Die Märkische Oderzeitung meldete am 19. Februar 2026 eine „überraschende Kita-Schließung in Wandlitz“. Überraschend? Das hängt offenbar davon ab, wie aufmerksam man in den letzten Monaten mitgelesen hat.
Denn wer einen Blick in die Fortschreibung der Kita-Bedarfs- und Schulentwicklungsplanung (Stand 31.12.2024) wirft – beschlossen am 3. April 2025 mit nur einer Gegenstimme – dem begegnet dort bereits ein ziemlich klares Drehbuch. Darin ist zur AWO-Kita „Pusteblume“ Haus 1 zu lesen, dass umfangreiche Sanierungen notwendig seien: neue Umkleiden, eine Kindermensa, energetische Maßnahmen, eine alte Heizungsanlage. Kostenpunkt: rund 2,2 Millionen Euro. Und weil man bekanntlich in der Gemeinde Wandlitz nicht einfach so Geld aus dem Fenster wirft, müsse dieser Einsatz „sorgfältig abgewogen“ werden – insbesondere im Hinblick auf sinkende Geburtenzahlen und auf eine neue, schicke Kita am Barnim Panorama.
Diese soll – Kostenpunkt etwa 7 Millionen Euro – im Frühjahr 2026 eröffnen, mit 78 Betreuungsplätzen. Und siehe da: Schon damals war vorgesehen, dass sie die Kapazitäten der Kita „Pusteblume“ kompensiert. In der gleichen Vorlage ist sogar schwarz auf weiß nachzulesen, dass die Kapazität von der Kita „Pusteblume“ ab Ende 2026 schlicht: null Kinder betragen soll. Auch 2027. Mit anderen Worten: Wer zwischen den Zeilen las, konnte sich den Schluss ziemlich leicht zusammenreimen. Die Investition von mindestens 2,2 Millionen Euro in ein sanierungsbedürftiges Gebäude erschien angesichts sinkender Kinderzahlen nicht mehr „wirtschaftlich“. Stattdessen setzte man auf den Neubau – deutlich teurer, aber nun steht er und muss auch genutzt werden.
Umso bemerkenswerter wirkte dann der Auftritt des Bürgermeisters in der jüngsten Gemeindevertretersitzung. Im MOZ-Artikel war zu lesen: “Borchert habe es während der Gemeindevertretersitzung nicht an Empathie fehlen lassen … Er wirkte sichtlich betroffen und sagte, er verstünde uns“, so eine Elternvertreterin. Doch die Planungen zur Schließung der Kita „Pusteblume“ Haus 1 lagen zu diesem Zeitpunkt längst auf dem Tisch. Vom Bürgermeister selbst eingebracht, beschlossen und dokumentiert. Wenn nun also Überraschung im Spiel war, dann höchstens über die eigene Vorlage. Oder war es doch eher ein Fall von erstaunlich selektivem Erinnerungsvermögen?

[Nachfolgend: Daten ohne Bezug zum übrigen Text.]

(* Let $0<\varepsilon\le1$ and let $\vec U\in V_{\mathrm{per}}(\Omega^\varepsilon)$ and $P\in L^2(\Omega^\varepsilon)$ satisfy, for constants $C_1,C_2$ independent of $\varepsilon$, (i) $\|\operatorname{div}\vec U\|_{L^2(\Omega^\varepsilon)}\le C_1\varepsilon^{5/2}$, and (ii) for all $\vec\varphi\in V_{\mathrm{per}}(\Omega^\varepsilon)$: $$\Big|\int_{\Omega^\varepsilon}\nabla\vec U:\nabla\vec\varphi-\int_{\Omega^\varepsilon}P\,\operatorname{div}\vec\varphi\Big|\le C_2\varepsilon^{3/2}\big(\|\nabla\vec\varphi\|_{L^2(\Omega^\varepsilon)^4}+\|\vec\varphi\|_{H^1(\Omega_{\mathrm{ff}})^2}\big).$$ Then there is a constant $C$ (depending only on $C_1,C_2$) such that $$\|\nabla\vec U\|^2_{L^2(\Omega^\varepsilon)^4}\le C\varepsilon^{5/2}\|P\|_{L^2(\Omega^\varepsilon)}+C\varepsilon^{3/2}\big(\|\nabla\vec U\|_{L^2(\Omega^\varepsilon_{\mathrm{pm}})^4}+\|\vec U\|_{H^1(\Omega_{\mathrm{ff}})^2}\big).$$
   Context: Two-dimensional setting with scale parameter $\varepsilon=\ell/L$. The pore-scale flow domain is $\Omega^\varepsilon=\Omega_{\mathrm{ff}}\cup\Sigma\cup\Omega^\varepsilon_{\mathrm{pm}}$, where $\Omega_{\mathrm{ff}}=(0,L)\times(0,h)$ is the free-flow region, $\Sigma=(0,L)\times\{0\}$ the interface, and $\Omega^\varepsilon_{\mathrm{pm}}$ is the fluid part of the porous region $(0,L)\times(-H,0)$, obtained by periodic repetition of $\varepsilon$-scaled unit cells $\varepsilon Y$ containing a solid inclusion $\varepsilon Y_s$ strictly inside each cell. The test space is $V_{\mathrm{per}}(\Omega^\varepsilon)=\{\vec\phi\in H^1(\Omega^\varepsilon)^2:\ \vec\phi=\vec0$ on the boundaries of the solid inclusions, $\vec\phi=\vec 0$ on $\{x_2=h\}$, $\phi_2=0$ on $\{x_2=-H\}$, $\vec\phi$ is $L$-periodic in $x_1\}$. In the paper, $(\vec U,P)$ is the pair $(\vec U^{6,\varepsilon},P^{6,\varepsilon})$ of velocity and pressure errors between the pore-scale Stokes solution and the constructed multiscale approximation, for which (i) and (ii) are the conclusions of Corollaries 3.3 and 3.4. *)

theory Defs
  imports "HOL-Analysis.Analysis"
begin

type_synonym pt = "real \<times> real"

definition evec :: "nat \<Rightarrow> pt" where
  "evec j = (if j = 1 then (1, 0) else (0, 1))"

definition pd :: "nat \<Rightarrow> (pt \<Rightarrow> real) \<Rightarrow> pt \<Rightarrow> real" where
  "pd j f x = frechet_derivative f (at x) (evec j)"

fun iter_pd :: "nat list \<Rightarrow> (pt \<Rightarrow> real) \<Rightarrow> pt \<Rightarrow> real" where
  "iter_pd [] f = f"
| "iter_pd (j # js) f = pd j (iter_pd js f)"

definition smooth :: "(pt \<Rightarrow> real) \<Rightarrow> bool" where
  "smooth f \<longleftrightarrow> (\<forall>js x. iter_pd js f differentiable (at x))"

definition test_fun :: "pt set \<Rightarrow> (pt \<Rightarrow> real) \<Rightarrow> bool" where
  "test_fun \<Omega> \<psi> \<longleftrightarrow> smooth \<psi> \<and> compact (closure {x. \<psi> x \<noteq> 0})
      \<and> closure {x. \<psi> x \<noteq> 0} \<subseteq> \<Omega>"

definition comp :: "nat \<Rightarrow> (pt \<Rightarrow> pt) \<Rightarrow> pt \<Rightarrow> real" where
  "comp i U x = (if i = 1 then fst (U x) else snd (U x))"

definition weak_partial :: "pt set \<Rightarrow> (pt \<Rightarrow> real) \<Rightarrow> nat \<Rightarrow> (pt \<Rightarrow> real) \<Rightarrow> bool" where
  "weak_partial \<Omega> f j g \<longleftrightarrow>
     (\<forall>\<psi>. test_fun \<Omega> \<psi> \<longrightarrow>
        integrable (lebesgue_on \<Omega>) (\<lambda>x. f x * pd j \<psi> x)
      \<and> integrable (lebesgue_on \<Omega>) (\<lambda>x. g x * \<psi> x)
      \<and> integral\<^sup>L (lebesgue_on \<Omega>) (\<lambda>x. f x * pd j \<psi> x)
          = - integral\<^sup>L (lebesgue_on \<Omega>) (\<lambda>x. g x * \<psi> x))"

definition L2 :: "pt set \<Rightarrow> (pt \<Rightarrow> real) \<Rightarrow> bool" where
  "L2 \<Omega> f \<longleftrightarrow> f \<in> borel_measurable (lebesgue_on \<Omega>)
      \<and> integrable (lebesgue_on \<Omega>) (\<lambda>x. (f x)\<^sup>2)"

definition L2norm :: "pt set \<Rightarrow> (pt \<Rightarrow> real) \<Rightarrow> real" where
  "L2norm \<Omega> f = sqrt (integral\<^sup>L (lebesgue_on \<Omega>) (\<lambda>x. (f x)\<^sup>2))"

definition H1v :: "pt set \<Rightarrow> (pt \<Rightarrow> pt) \<Rightarrow> (nat \<Rightarrow> nat \<Rightarrow> pt \<Rightarrow> real) \<Rightarrow> bool" where
  "H1v \<Omega> U DU \<longleftrightarrow> (\<forall>i\<in>{1,2}. L2 \<Omega> (comp i U)
      \<and> (\<forall>j\<in>{1,2}. weak_partial \<Omega> (comp i U) j (DU i j) \<and> L2 \<Omega> (DU i j)))"

definition grad_norm :: "pt set \<Rightarrow> (nat \<Rightarrow> nat \<Rightarrow> pt \<Rightarrow> real) \<Rightarrow> real" where
  "grad_norm A DU = sqrt (integral\<^sup>L (lebesgue_on A)
      (\<lambda>x. \<Sum>i\<in>{1,2}. \<Sum>j\<in>{1,2}. (DU i j x)\<^sup>2))"

definition H1norm :: "pt set \<Rightarrow> (pt \<Rightarrow> pt) \<Rightarrow> (nat \<Rightarrow> nat \<Rightarrow> pt \<Rightarrow> real) \<Rightarrow> real" where
  "H1norm A U DU = sqrt (integral\<^sup>L (lebesgue_on A)
      (\<lambda>x. (fst (U x))\<^sup>2 + (snd (U x))\<^sup>2 + (\<Sum>i\<in>{1,2}. \<Sum>j\<in>{1,2}. (DU i j x)\<^sup>2)))"

definition wdiv :: "(nat \<Rightarrow> nat \<Rightarrow> pt \<Rightarrow> real) \<Rightarrow> pt \<Rightarrow> real" where
  "wdiv DU x = DU 1 1 x + DU 2 2 x"

definition grad_inner :: "pt set \<Rightarrow> (nat \<Rightarrow> nat \<Rightarrow> pt \<Rightarrow> real) \<Rightarrow> (nat \<Rightarrow> nat \<Rightarrow> pt \<Rightarrow> real) \<Rightarrow> real" where
  "grad_inner A DU DV = integral\<^sup>L (lebesgue_on A)
      (\<lambda>x. \<Sum>i\<in>{1,2}. \<Sum>j\<in>{1,2}. DU i j x * DV i j x)"

definition Omega_ff :: "real \<Rightarrow> real \<Rightarrow> pt set" where
  "Omega_ff L h = {x. 0 < fst x \<and> fst x < L \<and> 0 < snd x \<and> snd x < h}"

definition Sigma_if :: "real \<Rightarrow> pt set" where
  "Sigma_if L = {x. 0 < fst x \<and> fst x < L \<and> snd x = 0}"

text \<open>The solid inclusion eps (k + Y_s) in the cell eps (k + Y), Y = (0,1)^2.\<close>
definition inclusion :: "real \<Rightarrow> int \<Rightarrow> int \<Rightarrow> pt set \<Rightarrow> pt set" where
  "inclusion \<epsilon> k1 k2 Ys = (\<lambda>y. (\<epsilon> * (real_of_int k1 + fst y), \<epsilon> * (real_of_int k2 + snd y))) ` Ys"

definition Omega_pm :: "real \<Rightarrow> real \<Rightarrow> real \<Rightarrow> pt set \<Rightarrow> pt set" where
  "Omega_pm \<epsilon> L H Ys = {x. 0 < fst x \<and> fst x < L \<and> - H < snd x \<and> snd x < 0}
      - (\<Union>k1. \<Union>k2. inclusion \<epsilon> k1 k2 Ys)"

definition Omega_eps :: "real \<Rightarrow> real \<Rightarrow> real \<Rightarrow> real \<Rightarrow> pt set \<Rightarrow> pt set" where
  "Omega_eps \<epsilon> L h H Ys = Omega_ff L h \<union> Sigma_if L \<union> Omega_pm \<epsilon> L H Ys"

text \<open>Standing geometric assumptions: Y_s is a nonempty compact set strictly
  inside the open unit cell, and the cells eps Y tile (0,L) x (-H,0).\<close>
definition geometry_ok :: "real \<Rightarrow> real \<Rightarrow> real \<Rightarrow> real \<Rightarrow> pt set \<Rightarrow> bool" where
  "geometry_ok \<epsilon> L h H Ys \<longleftrightarrow> 0 < \<epsilon> \<and> 0 < L \<and> 0 < h \<and> 0 < H
     \<and> compact Ys \<and> Ys \<noteq> {} \<and> Ys \<subseteq> {y. 0 < fst y \<and> fst y < 1 \<and> 0 < snd y \<and> snd y < 1}
     \<and> (\<exists>n::nat. L = real n * \<epsilon>) \<and> (\<exists>m::nat. H = real m * \<epsilon>)"

text \<open>Smooth, L-periodic fields on the plane satisfying the boundary
  conditions of V_per classically.\<close>
definition smooth_bc :: "real \<Rightarrow> real \<Rightarrow> real \<Rightarrow> real \<Rightarrow> pt set \<Rightarrow> (pt \<Rightarrow> pt) \<Rightarrow> bool" where
  "smooth_bc \<epsilon> L h H Ys \<phi> \<longleftrightarrow>
      smooth (comp 1 \<phi>) \<and> smooth (comp 2 \<phi>)
    \<and> (\<forall>a b. \<phi> (a + L, b) = \<phi> (a, b))
    \<and> (\<forall>a. \<phi> (a, h) = (0, 0))
    \<and> (\<forall>a. snd (\<phi> (a, - H)) = 0)
    \<and> (\<forall>k1 k2. - H \<le> \<epsilon> * real_of_int k2 \<and> \<epsilon> * (real_of_int k2 + 1) \<le> 0 \<longrightarrow>
         (\<forall>x\<in>frontier (inclusion \<epsilon> k1 k2 Ys). \<phi> x = (0, 0)))"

Dabei hätte es ausreichend Zeit gegeben Eltern und Mitarbeitende frühzeitig einzubeziehen, Sorgen ernst zu nehmen und gemeinsam Lösungen zu diskutieren. Diese Chance blieb ungenutzt. Stattdessen entsteht nun – kurz vor den Bürgermeisterwahlen 2027 – der Eindruck hektischer Schadensbegrenzung. Am Ende steht eine bittere Rechnung: 2,2 Millionen Euro für die Sanierung einer bestehenden Kita galten als schwer vermittelbar. 7 Millionen Euro für einen Neubau hingegen nicht. Die Differenz von rund 4,8 Millionen Euro trägt – wenig überraschend – die Wandlitzer Bürgerschaft. Und ganz nebenbei die Eltern und Kinder, für die diese Entscheidungen angeblich getroffen wurden.
Aber vielleicht gehört genau das zum Wintermärchen: Dass Steuergelder plötzlich ganz leicht wirken. Und „Überraschungen“ erst dann entstehen, wenn jemand laut danach fragt.
Hier noch die Quelle: Vorlage BV-GV/2025-0100 im Ratsinformationssystem der Gemeinde Wandlitz.